How to complete this task:
Here the requirement is to repeat every record exactly, in full.
================================
(* Let $F$ be a minimally unsatisfiable clause-set with no 1-singular variables. Then the sets of variables of maximal singular tuples for $F$ are exactly the minimal transversals of the singularity hypergraph $\mathrm{shyp}(F)$ (the inclusion-minimal sets of vertices meeting every hyperedge), and the maximal singular tuples for $F$ are exactly the arbitrary linear orderings of these minimal transversals.
   Context: Literals are variables $v$ and complements $\overline{v}$; a clause is a finite set of literals with no complementary pair; a clause-set is a finite set of clauses; $\mathrm{var}(F)$ is the set of variables of $F$ and $\mathrm{var}(L)$ the set of variables underlying a literal set $L$; $\mathrm{ldeg}_F(x)$ is the number of clauses of $F$ containing literal $x$. $\mathrm{DP}_v(F) := \{C \in F : v \notin \mathrm{var}(C)\} \cup \{(C \cup D)\setminus\{v,\overline{v}\} : C, D \in F,\ C \cap \overline{D} = \{v\}\}$; $\mathrm{DP}_{v_1,\dots,v_k}(F)$ applies these in order. A variable $v$ is singular for $F$ if $\min(\mathrm{ldeg}_F(v),\mathrm{ldeg}_F(\overline{v}))=1$; it is 1-singular if $\mathrm{ldeg}_F(v)=\mathrm{ldeg}_F(\overline{v})=1$; $F$ is nonsingular if it has no singular variables. For minimally unsatisfiable $F$, a tuple $(v_1,\dots,v_n)$ is a singular tuple for $F$ if each $v_i$ is singular for $\mathrm{DP}_{v_1,\dots,v_{i-1}}(F)$, and it is maximal if $\mathrm{DP}_{v_1,\dots,v_n}(F)$ is nonsingular. When $F$ has no 1-singular variables, each singular variable $v$ has a unique singular literal $x_v$ (the literal of $v$ with $\mathrm{ldeg}_F(x_v)=1$); let $L$ be the set of these. The singularity hypergraph $\mathrm{shyp}(F)$ has vertex set $\mathrm{var}(F)$ and hyperedges $\mathrm{var}(C\cap L)$ for all $C\in F$ with $C\cap L\neq\emptyset$. *)

theory Defs
  imports Main
begin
================================
Exercise answer:
(* Let $F$ be a minimally unsatisfiable clause-set with no 1-singular variables. Then the sets of variables of maximal singular tuples for $F$ are exactly the minimal transversals of the singularity hypergraph $\mathrm{shyp}(F)$ (the inclusion-minimal sets of vertices meeting every hyperedge), and the maximal singular tuples for $F$ are exactly the arbitrary linear orderings of these minimal transversals.
   Context: Literals are variables $v$ and complements $\overline{v}$; a clause is a finite set of literals with no complementary pair; a clause-set is a finite set of clauses; $\mathrm{var}(F)$ is the set of variables of $F$ and $\mathrm{var}(L)$ the set of variables underlying a literal set $L$; $\mathrm{ldeg}_F(x)$ is the number of clauses of $F$ containing literal $x$. $\mathrm{DP}_v(F) := \{C \in F : v \notin \mathrm{var}(C)\} \cup \{(C \cup D)\setminus\{v,\overline{v}\} : C, D \in F,\ C \cap \overline{D} = \{v\}\}$; $\mathrm{DP}_{v_1,\dots,v_k}(F)$ applies these in order. A variable $v$ is singular for $F$ if $\min(\mathrm{ldeg}_F(v),\mathrm{ldeg}_F(\overline{v}))=1$; it is 1-singular if $\mathrm{ldeg}_F(v)=\mathrm{ldeg}_F(\overline{v})=1$; $F$ is nonsingular if it has no singular variables. For minimally unsatisfiable $F$, a tuple $(v_1,\dots,v_n)$ is a singular tuple for $F$ if each $v_i$ is singular for $\mathrm{DP}_{v_1,\dots,v_{i-1}}(F)$, and it is maximal if $\mathrm{DP}_{v_1,\dots,v_n}(F)$ is nonsingular. When $F$ has no 1-singular variables, each singular variable $v$ has a unique singular literal $x_v$ (the literal of $v$ with $\mathrm{ldeg}_F(x_v)=1$); let $L$ be the set of these. The singularity hypergraph $\mathrm{shyp}(F)$ has vertex set $\mathrm{var}(F)$ and hyperedges $\mathrm{var}(C\cap L)$ for all $C\in F$ with $C\cap L\neq\emptyset$. *)

theory Defs
  imports Main
begin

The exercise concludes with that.